Герцен не мог не поднять перчатку. Он любил Белинского. Но и Грановского тоже. Однако взгляды Белинского были и его взглядами. Не желая все же заострять спор, он обратился к Кетчеру:
— Пойми же, братец, — сказал он мягко, — народность — это другая тема. А сейчас мы толкуем о нравственности. Посмотри на крестьян. Они работают на нас, но не смеют поднять голоса. И наш долг — относиться к ним по-человечески. Их голос — это мы, понимаешь? Народ безъязыкий, и всякая выходка против него — это оскорбление ребенка. Мы, образованное меньшинство, знаем разные формы протеста — от банкетных речей до самоотверженных поступков. Народ только одну: бунт.

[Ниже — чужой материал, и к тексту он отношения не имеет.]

lemma dynkin_quiver_finite_vertices: "dynkin_quiver I Arr src tgt \<Longrightarrow> finite I"
  unfolding dynkin_quiver_def by (metis bij_betw_finite finite_lessThan)

lemma endv_Nil [simp]: "endv src tgt (v, []) = v"
  by (simp add: endv_def)

lemma endv_Cons: "endv src tgt (v, x # xs) = endv src tgt (dtgt src tgt x, xs)"
  by (simp add: endv_def)

lemma walk_potential_drop:
  assumes pot: "\<forall>a\<in>Arr. c (tgt a) = c (src a) + (1/2 :: complex)"
  shows "\<forall>x\<in>set xs. fst x \<in> Arr \<Longrightarrow> walk src tgt v xs \<Longrightarrow>
    c v - c (endv src tgt (v, xs)) = of_nat (length (filter snd xs)) - of_nat (length xs) / 2"
proof (induction xs arbitrary: v)
  case Nil then show ?case by simp
next
  case (Cons x xs)
  have IH: "c (dtgt src tgt x) - c (endv src tgt (dtgt src tgt x, xs)) =
      of_nat (length (filter snd xs)) - of_nat (length xs) / 2"
    using Cons by simp
  have step: "c (dsrc src tgt x) - c (dtgt src tgt x) = (if snd x then 1/2 else - 1/2)"
    using pot Cons.prems(1) by (auto simp: dsrc_def dtgt_def)
  have "c v - c (endv src tgt (v, x # xs)) = (c (dsrc src tgt x) - c (dtgt src tgt x)) +
      (c (dtgt src tgt x) - c (endv src tgt (dtgt src tgt x, xs)))"
    using Cons.prems(2) by (simp add: endv_Cons)
  also have "\<dots> = of_nat (length (filter snd (x # xs))) - of_nat (length (x # xs)) / 2"
    unfolding step IH by (cases "snd x") (simp_all add: field_simps)
  finally show ?case .
qed

lemma walk_endv_in:
  assumes "\<forall>a\<in>Arr. src a \<in> I \<and> tgt a \<in> I"
  shows "\<forall>x\<in>set xs. fst x \<in> Arr \<Longrightarrow> walk src tgt v xs \<Longrightarrow> v \<in> I \<Longrightarrow> endv src tgt (v, xs) \<in> I"
proof (induction xs arbitrary: v)
  case Nil then show ?case by simp
next
  case (Cons x xs)
  have "dtgt src tgt x \<in> I" using Cons assms by (auto simp: dtgt_def)
  then show ?case using Cons by (simp add: endv_Cons)
qed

Кетчер, конечно, замахал руками, дескать, при чем тут нравственность и так далее.
Но все понимали, что истоки спора глубже. Судьба России — вот что тайно, а иногда и явно волновало всех. Всех ли? Или только образованное меньшинство? Ах, как это незабываемо сказал Пушкин в «Борисе Годунове» «Народ безмолвствует…»
За вечерним чаем там же на лужайке перед домом гостей уже осталось немного. Уехал Женя Корш и зеленоглазый Миша Катков. Их увез в своей коляске Боткин. Укатил Анненков и чета Панаевых. Разнорядов сказал, что по соседству в Богородском у него приятель, вот у него он и заночует.
За столом только самые свои.
К чаю подали крендельки, выпеченные матерью Герцена, кротчайшей Луизой Гаак, по рецепту, вывезенному ею из родного Штутгарта, и варенье трех сортов, на которое немедленно слетелись осы. Говорили о предметах незначительных, чтобы не столкнуться во мнениях. Нарочитость этого разговора делала застольную беседу натянутой. На беду Огарев стал пространно и довольно вяло рассказывать модную светскую сплетню о князе Иване Гагарине, который вдруг принял католичество и вступил в иезуитский орден.
Герцен печально заметил:
— Русский, развивающийся до всеобщих интересов, готов ухватиться за всякий вздор, чтобы заглушить только страшную пустоту.
Грановский поднял голову. Поколебавшись несколько, он сказал, стараясь придать своему голосу мягкость:
— Мы не знаем его истинных побуждений. Кто живет в боге, того оковать нельзя, по слову апостола Павла.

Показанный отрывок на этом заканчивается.